2 Edwards v R [2015] NZCA 583

[38] I reach the view that the three step process is not in your favour. I do not find that there are circumstances regarding the entry of a conviction against you which are disproportionate to the gravity of your offending.

[39] So I must then move, having refused your s 106 discharge, to consider just what the penalty should be. In this aspect of the case the submissions are relatively wide ranging, because on the one hand Ms Grey on your behalf suggests that this should be regarded in terms of fines at a lower level for the reasons she has put forward, whereas, the Department says that this is a serious matter and that consistent with other fines levied in this area, something in the order of 15 or 20% of the available

$100,000 maximum would be an appropriate starting point.


[40] Other cases have involved different species of wildlife.
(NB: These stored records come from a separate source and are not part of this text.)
section \<open>Residuals and iteration\<close>

definition path_law :: "'a measure \<Rightarrow> (real \<Rightarrow> 'a \<Rightarrow> 'b::euclidean_space) \<Rightarrow> (real \<Rightarrow> 'b) measure" where
  "path_law M X = distr M paths (\<lambda>\<omega>. \<lambda>t\<in>{0..}. X t \<omega>)"

lemma sets_path_law [simp]: "sets (path_law M X) = sets paths"
  unfolding path_law_def by simp

lemma measurable_path_law:
  "is_process M X \<Longrightarrow> (\<lambda>\<omega>. \<lambda>t\<in>{0..}. X t \<omega>) \<in> measurable M paths"
  unfolding paths_def by (rule measurable_restrict_process) auto

lemma prob_space_path_law: "prob_space M \<Longrightarrow> is_process M X \<Longrightarrow> prob_space (path_law M X)"
  unfolding path_law_def by (rule prob_space.prob_space_distr[OF _ measurable_path_law])

lemma is_process_coordinates:
  assumes "sets Q = sets (paths :: (real \<Rightarrow> 'b::euclidean_space) measure)"
  shows "is_process Q (\<lambda>t u. u t :: 'b)"
  unfolding is_process_def measurable_cong_sets[OF assms refl]
  by (auto simp: paths_def intro!: measurable_component_singleton)

lemma eq_law_path_law:
  assumes "is_process M X"
  shows "eq_law M X (path_law M X) (\<lambda>t u. u t)"
proof (rule eq_law_measure_preserving)
  show "(\<lambda>\<omega>. \<lambda>t\<in>{0..}. X t \<omega>) \<in> measurable M (path_law M X)"
    using measurable_path_law[OF assms] by (subst measurable_cong_sets[OF refl sets_path_law])
  show "distr M (path_law M X) (\<lambda>\<omega>. \<lambda>t\<in>{0..}. X t \<omega>) = path_law M X"
    unfolding path_law_def by (rule distr_cong) simp_all
qed (auto simp: is_process_coordinates)

definition continuous_alpha_IDT :: "real \<Rightarrow> 'a measure \<Rightarrow> (real \<Rightarrow> 'a \<Rightarrow> 'b::euclidean_space) \<Rightarrow> bool" where
  "continuous_alpha_IDT \<alpha> M X \<longleftrightarrow>
     prob_space M \<and> is_process M X \<and> stoch_continuous M X \<and> alpha_IDT \<alpha> M X"

lemma continuous_alpha_IDT_time_scale:
  "continuous_alpha_IDT \<alpha> M X \<Longrightarrow> d \<ge> 0 \<Longrightarrow> continuous_alpha_IDT \<alpha> M (\<lambda>t. X (d * t))"
  unfolding continuous_alpha_IDT_def
  by (auto intro: is_process_time_change stoch_continuous_time_scale alpha_IDT_time_scale)

lemma continuous_alpha_IDT_path_law:
  assumes "continuous_alpha_IDT \<alpha> M X"
  shows "continuous_alpha_IDT \<alpha> (path_law M X) (\<lambda>t u. u t)"
proof -
  have M: "prob_space M" and X: "is_process M X" and sc: "stoch_continuous M X"
    and idt: "alpha_IDT \<alpha> M X"
    using assms unfolding continuous_alpha_IDT_def by auto
  have Q: "prob_space (path_law M X)" by (rule prob_space_path_law[OF M X])
  have U: "is_process (path_law M X) (\<lambda>t u. u t)" by (rule is_process_coordinates) simp
  have law: "eq_law M X (path_law M X) (\<lambda>t u. u t)" by (rule eq_law_path_law[OF X])
  show ?thesis
    unfolding continuous_alpha_IDT_def
    using Q U stoch_continuous_eq_law[OF X U law sc] alpha_IDT_eq_law[OF M Q X U law idt] by simp
qed

lemma TSD_residual_continuous_alpha_IDT:
  assumes \<alpha>: "\<alpha> > 0" and X: "continuous_alpha_IDT \<alpha> M X" and c: "c \<in> {0<..<1}"
  defines "d \<equiv> (1 - c powr \<alpha>) powr (1/\<alpha>)"
  shows "TSD_residual c M X (path_law M (\<lambda>t. X (d * t)))"
proof -
  have M: "prob_space M" and Xp: "is_process M X" using X by (auto simp: continuous_alpha_IDT_def)
  have d: "d \<ge> 0" unfolding d_def by simp
  have Xd: "continuous_alpha_IDT \<alpha> M (\<lambda>t. X (d * t))"
    by (rule continuous_alpha_IDT_time_scale[OF X]) (simp add: d_def)
  then have Q: "prob_space (path_law M (\<lambda>t. X (d * t)))"
    by (simp add: continuous_alpha_IDT_def prob_space_path_law)
  have "eq_law M X (M \<Otimes>\<^sub>M M) (\<lambda>t (x, y). X (c * t) x + X (d * t) y)"
    using X c unfolding continuous_alpha_IDT_def d_def by (intro alpha_IDT_split[OF \<alpha>]) auto
  also have "eq_law (M \<Otimes>\<^sub>M M) (\<lambda>t (x, y). X (c * t) x + X (d * t) y)
      (M \<Otimes>\<^sub>M path_law M (\<lambda>t. X (d * t))) (\<lambda>t (x, u). X (c * t) x + u t)"
    using Xd c d M Q
    by (intro eq_law_independent_sum eq_law_refl eq_law_path_law is_process_time_change[OF Xp]
        is_process_coordinates) (auto simp: continuous_alpha_IDT_def)
  finally show ?thesis
    unfolding TSD_residual_def using Q by simp
qed

lemma tsd_paths_continuous_alpha_IDT:
  assumes \<alpha>: "\<alpha> > 0" and "continuous_alpha_IDT \<alpha> Q (\<lambda>t u. u t)"
  shows "tsd_paths n Q"
  using assms(2)
proof (induction n arbitrary: Q)
  case (Suc n)
  have "\<exists>R. TSD_residual c Q (\<lambda>t u. u t) R \<and> tsd_paths n R" if "c \<in> {0<..<1}" for c
    using TSD_residual_continuous_alpha_IDT[OF \<alpha> Suc.prems that]
      Suc.IH[OF continuous_alpha_IDT_path_law[OF continuous_alpha_IDT_time_scale[OF Suc.prems]]]
    by auto
  then show ?case by simp
qed simp

theorem mainTheorem6:
  fixes \<alpha> :: real and M :: "'a measure" and X :: "real \<Rightarrow> 'a \<Rightarrow> 'b::euclidean_space"
  assumes "\<alpha> > 0"
    and "prob_space M"
    and "is_process M X"
    and "stoch_continuous M X"
    and "alpha_IDT \<alpha> M X"
  shows "TSD_infinite_order M X"
  unfolding TSD_infinite_order_def TSD_order_def
proof (intro allI impI conjI ballI)
  fix m :: nat and c :: real assume c: "c \<in> {0<..<1}"
  have X: "continuous_alpha_IDT \<alpha> M X"
    using assms unfolding continuous_alpha_IDT_def by simp
  define Q where "Q = path_law M (\<lambda>t. X ((1 - c powr \<alpha>) powr (1/\<alpha>) * t))"
  have "TSD_residual c M X Q"
    unfolding Q_def by (rule TSD_residual_continuous_alpha_IDT[OF assms(1) X c])
  moreover have "tsd_paths (m - 1) Q"
    unfolding Q_def using X
    by (intro tsd_paths_continuous_alpha_IDT[OF assms(1)] continuous_alpha_IDT_path_law
        continuous_alpha_IDT_time_scale) auto
  ultimately show "\<exists>Q. TSD_residual c M X Q \<and> tsd_paths (m - 1) Q" by blast
qed

end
Some less threatened or in a lower classification in that regard than kea, so I have to pitch the sentence at the level that is consistent and appropriate for the status of this particular species of bird.

[41] These are often a matter of balance Mr Aberson. There is no hard and fast rule about these. I think I have to be influenced by the fact that while the maximum penalty by way of a fine did not increase with the legislative change, the imprisonment possibility did and remarkably so. That I have to take on board in determining the level of sentence.

[42] In submissions, the Department has referred me to various previous cases where, as I have said, there were birds involved where there were perhaps more animals concerned, but on less threatened basis in relation to their vulnerability to extinction.

[43] Mr Hardy says that given all of the circumstances here, I should start somewhere around the $15,000 mark. Give you a credit for your undoubted and good previous character and then give you a discount for your guilty plea which would normally be measured at about 25 percent. I say that because there has been delay here, but I am satisfied from Ms Grey’s submissions that that is not a matter that should penalise you in the circumstances.
[44] However, I do view the matter as being one that was a long way from accident, one that the firing of the firearm was at very least, reckless and that your post-event actions tend to indicate to me that you knew full well that you had done something quite wrong here.

[45] Mr Aberson, I return to my judgment now having had a brief discussion with counsel. The case seems to me to be likely to be, as put to me by Ms Grey, that where you live and in the circumstances in which you live it is highly unlikely you could pay the sort of fine that I would have in mind, even by instalments. The Department’s view is that I could impose a fine and community work, but I think if I reach the view that a fine is impractical then it would be equally impracticable to add it to a sentence of community work.

[46] In the circumstances, having regard to the sort of fine that would be involved here after the various calculations, on the basis of a starting point of $15,000 which I think is the appropriate starting point, you are now sentenced to 200 hours’ community work.